Work to complete:
All entries that follow are to be printed exactly as written.

-- Opening Marker --

(* Let $h\ge r$ be positive integers and let $0<\beta<1$ be a real. There is a positive real $\alpha$ depending on $h,r,\beta$ such that the following holds. Let $G$ be any graph on $n$ vertices and let $p=p_r(G)$. For $i,j\in[h]$ let $\mathcal{A}^*_{i,j}$ denote the set of $i$-good sequences of length $j$ relative to $(\alpha,\beta,h,r)$ in $V(G)$ that have no repeated element. If $p>4jn^{-1/r}$, then for each $i\in[h]$ and $r\le j\le h$, \[\sum_{S\in\mathcal{A}^*_{i,j}}|N(S)|^r\ge\left(\frac{1}{2^{j+1}}-\beta\right)n^{j+r}p^{jr}.\]
   Context: All graphs are finite and simple. For a positive integer $r$, $p_r(G)=t_{K_{1,r}}(G)^{1/r}=\frac1n\left(\frac1n\sum_{v\in V(G)}d(v)^r\right)^{1/r}$ where $n=|G|$. A sequence in a set $W$ is a finite sequence of elements of $W$ (repetitions allowed); its length $|S|$ counts multiplicity; $W^k$ denotes the set of sequences of length $k$ in $W$. For a sequence $S$ in $V(G)$, $N(S)$ is the set of vertices adjacent to every vertex of $S$. Goodness: fix reals $0<\alpha,\beta<1$ and positive integers $h,r$, and let $p=p_r(G)$. A sequence $T$ in $V(G)$ is $0$-good if $|N(T)|\ge\alpha p^{|T|}n$. For $1\le i\le h$, a sequence $S$ in $V(G)$ of length at most $h$ is $i$-good if $S$ is $0$-good and for each $|S|\le k\le h$, the number of $(i-1)$-good sequences in $N(S)^k$ is at least $(1-\beta)|N(S)|^k$. These are called $i$-good relative to $(\alpha,\beta,h,r)$. *)

theory Defs
  imports Complex_Main
begin

definition simple_graph :: "'a set \<Rightarrow> ('a \<Rightarrow> 'a \<Rightarrow> bool) \<Rightarrow> bool" where
  "simple_graph V E \<longleftrightarrow> finite V \<and> (\<forall>u v. E u v \<longrightarrow> u \<in> V \<and> v \<in> V)
     \<and> (\<forall>u v. E u v \<longrightarrow> E v u) \<and> (\<forall>v. \<not> E v v)"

-- Closing Marker --

Your solution:
(* Let $h\ge r$ be positive integers and let $0<\beta<1$ be a real. There is a positive real $\alpha$ depending on $h,r,\beta$ such that the following holds. Let $G$ be any graph on $n$ vertices and let $p=p_r(G)$. For $i,j\in[h]$ let $\mathcal{A}^*_{i,j}$ denote the set of $i$-good sequences of length $j$ relative to $(\alpha,\beta,h,r)$ in $V(G)$ that have no repeated element. If $p>4jn^{-1/r}$, then for each $i\in[h]$ and $r\le j\le h$, \[\sum_{S\in\mathcal{A}^*_{i,j}}|N(S)|^r\ge\left(\frac{1}{2^{j+1}}-\beta\right)n^{j+r}p^{jr}.\]
   Context: All graphs are finite and simple. For a positive integer $r$, $p_r(G)=t_{K_{1,r}}(G)^{1/r}=\frac1n\left(\frac1n\sum_{v\in V(G)}d(v)^r\right)^{1/r}$ where $n=|G|$. A sequence in a set $W$ is a finite sequence of elements of $W$ (repetitions allowed); its length $|S|$ counts multiplicity; $W^k$ denotes the set of sequences of length $k$ in $W$. For a sequence $S$ in $V(G)$, $N(S)$ is the set of vertices adjacent to every vertex of $S$. Goodness: fix reals $0<\alpha,\beta<1$ and positive integers $h,r$, and let $p=p_r(G)$. A sequence $T$ in $V(G)$ is $0$-good if $|N(T)|\ge\alpha p^{|T|}n$. For $1\le i\le h$, a sequence $S$ in $V(G)$ of length at most $h$ is $i$-good if $S$ is $0$-good and for each $|S|\le k\le h$, the number of $(i-1)$-good sequences in $N(S)^k$ is at least $(1-\beta)|N(S)|^k$. These are called $i$-good relative to $(\alpha,\beta,h,r)$. *)

theory Defs
  imports Complex_Main
begin

definition simple_graph :: "'a set \<Rightarrow> ('a \<Rightarrow> 'a \<Rightarrow> bool) \<Rightarrow> bool" where
  "simple_graph V E \<longleftrightarrow> finite V \<and> (\<forall>u v. E u v \<longrightarrow> u \<in> V \<and> v \<in> V)
     \<and> (\<forall>u v. E u v \<longrightarrow> E v u) \<and> (\<forall>v. \<not> E v v)"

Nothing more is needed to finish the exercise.